I'm a voracious reader. Although unedited from the archaic english Melville wrote in, it took me about 5 nights to read the book. About 1/3 slower than normal. I try to drag it out, enjoy it, you know?
Anyhow, among my favorite passages is Ahab's moment to harpoon the whale after chasing it across time and much of the globe. There are so few passages in books that truly capture the emotional weight of a true emotional climax for a man who has utterly and entirely committed himself to an action. You know that moment you think of, maybe one you've never truly even had to be in, where you utterly throw yourself at a goal that has become an obsession, where costs, consequences and calculations become meaningless in the name of a shot at catharsis? To me, surviving a moment like that is the very epitome of what it is to be a man- and the genius of Melville shows when he narrates this moment where a simple case of revenge has devolved into a one-way journey into hell.
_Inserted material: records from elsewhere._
lemma lborel_distr_vec_reindex:
  fixes \<sigma> :: "'b::finite \<Rightarrow> 'a::finite"
  assumes \<sigma>: "bij \<sigma>"
  shows "distr lborel borel (\<lambda>v::real^'a. \<chi> i. v $ \<sigma> i) = lborel"
proof (rule lborel_eqI[symmetric])
  fix l u :: "real^'b"
  assume "\<And>b. b \<in> Basis \<Longrightarrow> l \<bullet> b \<le> u \<bullet> b"
  then have le: "l $ i \<le> u $ i" for i
    by (simp add: cart_eq_inner_axis)
  let ?l' = "\<chi> j. l $ inv \<sigma> j" and ?u' = "\<chi> j. u $ inv \<sigma> j"
  have "(\<lambda>v::real^'a. \<chi> i. v $ \<sigma> i) -` box l u = box ?l' ?u'"
  proof -
    have "(\<forall>i. l $ i < v $ \<sigma> i \<and> v $ \<sigma> i < u $ i) \<longleftrightarrow>
          (\<forall>j. l $ inv \<sigma> j < v $ j \<and> v $ j < u $ inv \<sigma> j)" for v :: "real^'a"
    proof
      assume "\<forall>i. l $ i < v $ \<sigma> i \<and> v $ \<sigma> i < u $ i"
      then show "\<forall>j. l $ inv \<sigma> j < v $ j \<and> v $ j < u $ inv \<sigma> j"
        by (metis \<sigma> bij_is_surj surj_f_inv_f)
    next
      assume "\<forall>j. l $ inv \<sigma> j < v $ j \<and> v $ j < u $ inv \<sigma> j"
      then show "\<forall>i. l $ i < v $ \<sigma> i \<and> v $ \<sigma> i < u $ i"
        by (metis \<sigma> bij_is_inj inv_f_f)
    qed
    then show ?thesis
      by (auto simp: mem_box_cart)
  qed
  moreover have "(\<lambda>v::real^'a. \<chi> i. v $ \<sigma> i) \<in> borel_measurable borel"
    by (intro borel_measurable_continuous_onI continuous_intros)
  moreover have "(\<Prod>j\<in>UNIV. u $ inv \<sigma> j - l $ inv \<sigma> j) = (\<Prod>i\<in>UNIV. u $ i - l $ i)"
    using prod.reindex_bij_betw[OF bij_betw_inv_into[OF \<sigma>], of "\<lambda>i. u $ i - l $ i"] by simp
  ultimately show "emeasure (distr lborel borel (\<lambda>v::real^'a. \<chi> i. v $ \<sigma> i)) (box l u)
      = (\<Prod>b\<in>Basis. (u - l) \<bullet> b)"
    using le by (simp add: emeasure_distr emeasure_lborel_box_cart prod_Basis_cart[of "u - l"])
qed simp

lemma lborel_distr_orthogonal_wellorder:
  fixes f :: "real^'n::{finite,wellorder} \<Rightarrow> real^'n::_"
  assumes f: "orthogonal_transformation f"
  shows "distr lborel borel f = lborel"
proof (rule lborel_eqI[symmetric])
  have "linear f"
    using f by (rule orthogonal_transformation_linear)
  then have f_cont: "continuous_on UNIV f"
    by (simp add: linear_continuous_on linear_linear)
  have g: "orthogonal_transformation (inv f)"
    using f by (rule orthogonal_transformation_inv)
  have bij: "bij f"
    using f by (rule orthogonal_transformation_bij)
  fix l u :: "real^'n::_"
  assume le: "\<And>b. b \<in> Basis \<Longrightarrow> l \<bullet> b \<le> u \<bullet> b"
  have vimage_eq: "f -` box l u = inv f ` box l u"
    by (rule bij_vimage_eq_inv_image[OF bij])
  have "open (f -` box l u)"
    using f_cont by (simp add: continuous_on_open_vimage open_box)
  have "bounded (inv f ` box l u)"
    using g by (intro bounded_linear_image bounded_box) (simp add: orthogonal_transformation_linear linear_linear)
  then have "emeasure lborel (inv f ` box l u) \<noteq> top"
    using emeasure_bounded_finite by (simp add: less_top)
  then have "emeasure lborel (f -` box l u) = measure lborel (inv f ` box l u)"
    unfolding vimage_eq by (rule emeasure_eq_ennreal_measure)
  also have "measure lborel (inv f ` box l u) = measure lebesgue (inv f ` box l u)"
    using \<open>open (f -` box l u)\<close> unfolding vimage_eq
    by (intro measure_completion[symmetric]) (simp add: borel_open)
  also have "\<dots> = measure lebesgue (box l u)"
    by (rule measure_orthogonal_image[OF g]) simp
  also have "\<dots> = (\<Prod>b\<in>Basis. (u - l) \<bullet> b)"
    using le by (simp add: borel_open measure_lborel_box_eq)
  finally show "emeasure (distr lborel borel f) (box l u) = (\<Prod>b\<in>Basis. (u - l) \<bullet> b)"
    using f_cont by (simp add: emeasure_distr borel_measurable_continuous_onI)
qed simp

lemma inner_vec_reindex:
  fixes \<sigma> :: "'b::finite \<Rightarrow> 'a::finite"
  assumes "bij \<sigma>"
  shows "(\<chi> i. v $ \<sigma> i) \<bullet> (\<chi> i. w $ \<sigma> i) = v \<bullet> (w :: real^'a)"
  using sum.reindex_bij_betw[OF assms, of "\<lambda>j. v $ j * w $ j"] by (simp add: inner_vec_def)

lemma lborel_distr_orthogonal:
  fixes f :: "real^'n \<Rightarrow> real^'n"
  assumes f: "orthogonal_transformation f"
  shows "distr lborel borel f = lborel"
proof -
  define rank :: "real^'n \<Rightarrow> real^('n ranked)" where "rank v = (\<chi> i. v $ Rep_ranked i)" for v
  define unrank :: "real^('n ranked) \<Rightarrow> real^'n" where "unrank w = (\<chi> j. w $ Abs_ranked j)" for w
  have rank_unrank: "rank (unrank w) = w" and unrank_rank: "unrank (rank v) = v" for v w
    by (simp_all add: rank_def unrank_def vec_eq_iff Rep_ranked_inverse Abs_ranked_inverse)
  have lin_rank: "linear rank" and lin_unrank: "linear unrank"
    by (auto intro!: linearI simp: rank_def unrank_def vec_eq_iff)
  have "orthogonal_transformation (rank \<circ> f \<circ> unrank)"
    unfolding orthogonal_transformation_def
  proof (intro conjI allI linear_compose lin_rank lin_unrank orthogonal_transformation_linear[OF f])
    fix a b
    show "(rank \<circ> f \<circ> unrank) a \<bullet> (rank \<circ> f \<circ> unrank) b = a \<bullet> b"
      using f inner_vec_reindex[OF bij_Rep_ranked[where 'a='n]] inner_vec_reindex[OF bij_Abs_ranked]
      by (simp add: rank_def unrank_def orthogonal_transformation_def)
  qed
  then have g: "distr lborel borel (rank \<circ> f \<circ> unrank) = lborel"
    by (rule lborel_distr_orthogonal_wellorder)
  have unrank_lborel: "distr lborel borel unrank = lborel"
    unfolding unrank_def by (rule lborel_distr_vec_reindex[OF bij_Abs_ranked])
  have "distr lborel borel f = distr (distr lborel borel unrank) borel f"
    by (simp add: unrank_lborel)
  also have "\<dots> = distr lborel borel (f \<circ> unrank)"
    using lin_unrank orthogonal_transformation_linear[OF f] by (intro distr_distr) (simp_all add: borel_measurable_linear)
  also have "f \<circ> unrank = unrank \<circ> (rank \<circ> f \<circ> unrank)"
    by (simp add: fun_eq_iff unrank_rank)
  also have "distr lborel borel \<dots> = distr (distr lborel borel (rank \<circ> f \<circ> unrank)) borel unrank"
    using lin_rank lin_unrank orthogonal_transformation_linear[OF f]
    by (intro distr_distr[symmetric]) (simp_all add: borel_measurable_linear linear_compose)
  finally show ?thesis
    by (simp add: g unrank_lborel)
qed

lemma integral_orthogonal_transformation:
  fixes f :: "real^'n \<Rightarrow> real^'n" and g :: "real^'n \<Rightarrow> 'b::{banach, second_countable_topology}"
  assumes f: "orthogonal_transformation f" and g: "g \<in> borel_measurable borel"
  shows "(\<integral>l. g (f l) \<partial>lborel) = (\<integral>l. g l \<partial>lborel)"
proof -
  have "(\<integral>l. g (f l) \<partial>lborel) = (\<integral>l. g l \<partial>distr lborel borel f)"
    using g borel_measurable_linear[OF orthogonal_transformation_linear[OF f]]
    by (subst integral_distr) auto
  then show ?thesis
    by (simp add: lborel_distr_orthogonal[OF f])
qed

section \<open>Differentiation under the integral sign\<close>

lemma tendsto_integral_at_dominated:
  fixes s :: "real \<Rightarrow> 'a \<Rightarrow> real"
  assumes d: "d > 0"
    and s_meas: "\<And>y. y \<in> ball y0 d \<Longrightarrow> s y \<in> borel_measurable M"
    and w: "integrable M w"
    and s_bound: "\<And>y l. y \<in> ball y0 d \<Longrightarrow> norm (s y l) \<le> w l"
    and s_lim: "\<And>l. ((\<lambda>y. s y l) \<longlongrightarrow> 0) (at y0)"
  shows "((\<lambda>y. \<integral>l. s y l \<partial>M) \<longlongrightarrow> 0) (at y0)"
proof (subst tendsto_at_iff_sequentially, intro allI impI)
  fix X :: "nat \<Rightarrow> real"
  assume "\<forall>i. X i \<in> UNIV - {y0}" and lim: "X \<longlonglongrightarrow> y0"
  then have X: "filterlim X (at y0) sequentially"
    by (auto simp: filterlim_at intro!: always_eventually)
  have "\<forall>\<^sub>F i in sequentially. X i \<in> ball y0 d"
    using d by (intro topological_tendstoD[OF lim]) auto
  then obtain N where N: "\<And>i. N \<le> i \<Longrightarrow> X i \<in> ball y0 d"
    by (auto simp: eventually_sequentially)
  have "(\<lambda>i. \<integral>l. s (X (i + N)) l \<partial>M) \<longlonglongrightarrow> (\<integral>l. 0 \<partial>M)"
  proof (rule integral_dominated_convergence[OF _ _ w])
    show "AE l in M. (\<lambda>i. s (X (i + N)) l) \<longlonglongrightarrow> 0"
      by (intro AE_I2 filterlim_compose[OF s_lim] filterlim_compose[OF X] filterlim_add_const_nat_at_top)
  qed (use N s_meas s_bound in auto)
  then show "((\<lambda>y. \<integral>l. s y l \<partial>M) \<circ> X) \<longlonglongrightarrow> 0"
    by (simp add: o_def LIMSEQ_offset)
qed

lemma norm_linearization_le:
  fixes g :: "real \<Rightarrow> 'b::real_normed_vector"
  assumes g: "\<And>u. u \<in> ball u0 d \<Longrightarrow> (g has_vector_derivative g' u) (at u)"
    and bound: "\<And>u. u \<in> ball u0 d \<Longrightarrow> norm (g' u) \<le> c" and y: "y \<in> ball u0 d"
  shows "norm (g y - g u0 - (y - u0) *\<^sub>R g' u0) \<le> norm (y - u0) * (2 * c)"
proof (rule vector_differentiable_bound_linearization[where S="ball u0 d"])
  show u0: "u0 \<in> ball u0 d"
    using y by (auto intro: le_less_trans[OF zero_le_dist])
  show "(g has_vector_derivative g' x) (at x within ball u0 d)" if "x \<in> ball u0 d" for x
    using g[OF that] by (rule has_vector_derivative_at_within)
  show "closed_segment u0 y \<subseteq> ball u0 d"
    using y u0 by (intro closed_segment_subset) auto
  show "norm (g' x - g' u0) \<le> 2 * c" if "x \<in> ball u0 d" for x
    using norm_triangle_ineq4[of "g' x" "g' u0"] bound[OF that] bound[OF u0] by linarith
qed

lemma has_vector_derivative_integral:
  fixes f f' :: "real \<Rightarrow> 'a \<Rightarrow> 'b::{banach,second_countable_topology}" and w :: "'a \<Rightarrow> real"
  assumes d: "d > 0"
    and f_deriv: "\<And>u l. u \<in> ball u0 d \<Longrightarrow> ((\<lambda>u. f u l) has_vector_derivative f' u l) (at u)"
    and f_meas: "\<And>u. u \<in> ball u0 d \<Longrightarrow> f u \<in> borel_measurable M"
    and f'_meas: "f' u0 \<in> borel_measurable M"
    and w: "integrable M w"
    and f'_bound: "\<And>u l. u \<in> ball u0 d \<Longrightarrow> norm (f' u l) \<le> w l"
    and f_int: "integrable M (f u0)"
  shows "((\<lambda>u. \<integral>l. f u l \<partial>M) has_vector_derivative (\<integral>l. f' u0 l \<partial>M)) (at u0)"
proof -
  have u0: "u0 \<in> ball u0 d"
    using d by simp
  have w_nonneg: "0 \<le> w l" for l
    using f'_bound[OF u0, of l] norm_ge_zero order_trans by blast
  have f'_int: "integrable M (f' u0)"
    by (rule Bochner_Integration.integrable_bound[OF w f'_meas])
       (use f'_bound[OF u0] w_nonneg in \<open>auto intro: order_trans\<close>)
  define r where "r y l = f y l - f u0 l - (y - u0) *\<^sub>R f' u0 l" for y l
  have r_bound: "norm (r y l) \<le> norm (y - u0) * (2 * w l)" if "y \<in> ball u0 d" for y l
    unfolding r_def using f_deriv f'_bound that by (rule norm_linearization_le)
  have r_meas: "r y \<in> borel_measurable M" if "y \<in> ball u0 d" for y
    unfolding r_def using f_meas[OF that] f_meas[OF u0] f'_meas by measurable
  have r_int: "integrable M (r y)" if "y \<in> ball u0 d" for y
    by (rule Bochner_Integration.integrable_bound[where f="\<lambda>l. norm (y - u0) * (2 * w l)"])
       (use w r_meas[OF that] r_bound[OF that] w_nonneg in \<open>auto intro: order_trans\<close>)
  have remainder_lim: "((\<lambda>y. \<integral>l. norm (r y l) / norm (y - u0) \<partial>M) \<longlongrightarrow> 0) (at u0)"
  proof (rule tendsto_integral_at_dominated[OF d _ integrable_mult_right[OF w, of 2]])
    show "norm (norm (r y l) / norm (y - u0)) \<le> 2 * w l" if "y \<in> ball u0 d" for y l
      using r_bound[OF that, of l] w_nonneg[of l] by (cases "y = u0") (simp_all add: divide_le_eq mult.commute)
    show "((\<lambda>y. norm (r y l) / norm (y - u0)) \<longlongrightarrow> 0) (at u0)" for l
      using f_deriv[OF u0, of l] unfolding has_vector_derivative_def has_derivative_iff_norm r_def by simp
  qed (use r_meas in measurable)
  let ?F = "\<lambda>u. \<integral>l. f u l \<partial>M" and ?F' = "\<integral>l. f' u0 l \<partial>M"
  have quotient_le: "norm (?F y - ?F u0 - (y - u0) *\<^sub>R ?F') / norm (y - u0)
      \<le> (\<integral>l. norm (r y l) / norm (y - u0) \<partial>M)" if y: "y \<in> ball u0 d" for y
  proof -
    have "f y = (\<lambda>l. r y l + f u0 l + (y - u0) *\<^sub>R f' u0 l)"
      by (simp add: r_def)
    then have "integrable M (f y)"
      using r_int[OF y] f_int f'_int by simp
    then have "?F y - ?F u0 - (y - u0) *\<^sub>R ?F' = (\<integral>l. r y l \<partial>M)"
      unfolding r_def using f_int f'_int by simp
    then show ?thesis
      by (simp add: divide_right_mono)
  qed
  have "\<forall>\<^sub>F y in at u0. norm (?F y - ?F u0 - (y - u0) *\<^sub>R ?F') / norm (y - u0)
      \<le> (\<integral>l. norm (r y l) / norm (y - u0) \<partial>M)"
    using eventually_at_ball[OF d, of u0 UNIV] by eventually_elim (blast intro: quotient_le)
  then have "((\<lambda>y. norm (?F y - ?F u0 - (y - u0) *\<^sub>R ?F') / norm (y - u0)) \<longlongrightarrow> 0) (at u0)"
    by (intro tendsto_sandwich[OF _ _ tendsto_const remainder_lim]) auto
  then show ?thesis
    by (simp add: has_vector_derivative_def has_derivative_iff_norm bounded_linear_scaleR_left)
qed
All that most maddens and torments; all that stirs up the lees of things; all truth with malice in it; all that cracks the sinews and cakes the brain; all the subtle demonisms of life and thought; all evil, to crazy Ahab, were visibly personified, and made practically assailable in Moby-Dick. He piled upon the whale’s white hump the sum of all the general rage and hate felt by his whole race from Adam down; and then, as if his chest had been a mortar, he burst his hot heart’s shell upon it.
Goddam right he did.
1 comment:
This post is an example of why this blog is so much fun to read. One day we can be looking at pictures of half-naked Brazilian beauties, the next considering the worlds great literature.